YOUR OBJECTIVE:
Please copy out every line in the records below that includes the word "shows".

[[ EXTRACTED DATA, beginning ]]

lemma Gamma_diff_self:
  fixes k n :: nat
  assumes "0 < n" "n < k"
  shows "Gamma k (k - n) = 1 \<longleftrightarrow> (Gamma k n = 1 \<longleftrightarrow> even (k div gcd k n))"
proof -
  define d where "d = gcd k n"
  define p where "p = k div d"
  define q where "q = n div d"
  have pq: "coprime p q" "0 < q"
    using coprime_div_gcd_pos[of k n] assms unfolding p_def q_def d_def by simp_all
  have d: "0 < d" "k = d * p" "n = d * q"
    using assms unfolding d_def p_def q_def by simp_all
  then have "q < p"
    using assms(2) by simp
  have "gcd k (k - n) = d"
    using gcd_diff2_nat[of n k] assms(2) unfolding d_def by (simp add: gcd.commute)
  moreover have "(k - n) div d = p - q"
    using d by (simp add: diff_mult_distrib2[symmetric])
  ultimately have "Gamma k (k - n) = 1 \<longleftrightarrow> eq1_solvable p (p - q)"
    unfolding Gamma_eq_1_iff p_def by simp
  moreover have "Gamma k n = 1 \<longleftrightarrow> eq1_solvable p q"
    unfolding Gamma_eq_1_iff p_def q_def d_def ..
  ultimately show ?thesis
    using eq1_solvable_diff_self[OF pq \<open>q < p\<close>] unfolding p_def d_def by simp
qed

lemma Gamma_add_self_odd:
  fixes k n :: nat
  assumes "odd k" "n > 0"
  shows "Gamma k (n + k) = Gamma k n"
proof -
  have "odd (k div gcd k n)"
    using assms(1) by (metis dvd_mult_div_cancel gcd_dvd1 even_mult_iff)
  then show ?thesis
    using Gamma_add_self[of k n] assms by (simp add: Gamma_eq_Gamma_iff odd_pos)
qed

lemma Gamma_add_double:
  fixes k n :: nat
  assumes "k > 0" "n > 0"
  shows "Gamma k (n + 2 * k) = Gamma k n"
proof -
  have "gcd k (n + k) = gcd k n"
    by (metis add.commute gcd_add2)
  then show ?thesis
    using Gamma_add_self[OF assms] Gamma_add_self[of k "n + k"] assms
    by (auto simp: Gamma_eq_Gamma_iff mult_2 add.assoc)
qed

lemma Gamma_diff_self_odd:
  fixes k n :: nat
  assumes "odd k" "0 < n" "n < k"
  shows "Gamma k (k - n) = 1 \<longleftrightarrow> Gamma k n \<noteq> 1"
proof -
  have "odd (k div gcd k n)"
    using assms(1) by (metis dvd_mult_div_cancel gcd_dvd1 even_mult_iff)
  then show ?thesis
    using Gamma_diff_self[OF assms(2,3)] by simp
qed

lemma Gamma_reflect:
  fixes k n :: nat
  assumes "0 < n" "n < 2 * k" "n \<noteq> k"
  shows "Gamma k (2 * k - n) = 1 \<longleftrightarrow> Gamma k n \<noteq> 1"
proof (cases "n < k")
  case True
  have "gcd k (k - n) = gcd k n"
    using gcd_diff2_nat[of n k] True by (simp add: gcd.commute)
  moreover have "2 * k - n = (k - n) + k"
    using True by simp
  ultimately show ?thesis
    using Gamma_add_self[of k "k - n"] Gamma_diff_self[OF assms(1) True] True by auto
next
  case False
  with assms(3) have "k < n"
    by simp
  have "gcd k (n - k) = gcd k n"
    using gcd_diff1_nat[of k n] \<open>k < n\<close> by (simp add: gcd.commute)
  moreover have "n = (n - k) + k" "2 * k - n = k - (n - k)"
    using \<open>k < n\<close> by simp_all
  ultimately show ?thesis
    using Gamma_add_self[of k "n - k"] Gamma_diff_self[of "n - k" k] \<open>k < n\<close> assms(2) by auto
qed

[[ EXTRACTED DATA, end ]]

SOLUTION TO THIS TASK:
  shows "Gamma k (k - n) = 1 \<longleftrightarrow> (Gamma k n = 1 \<longleftrightarrow> even (k div gcd k n))"
  shows "Gamma k (n + k) = Gamma k n"
  shows "Gamma k (n + 2 * k) = Gamma k n"
  shows "Gamma k (k - n) = 1 \<longleftrightarrow> Gamma k n \<noteq> 1"
  shows "Gamma k (2 * k - n) = 1 \<longleftrightarrow> Gamma k n \<noteq> 1"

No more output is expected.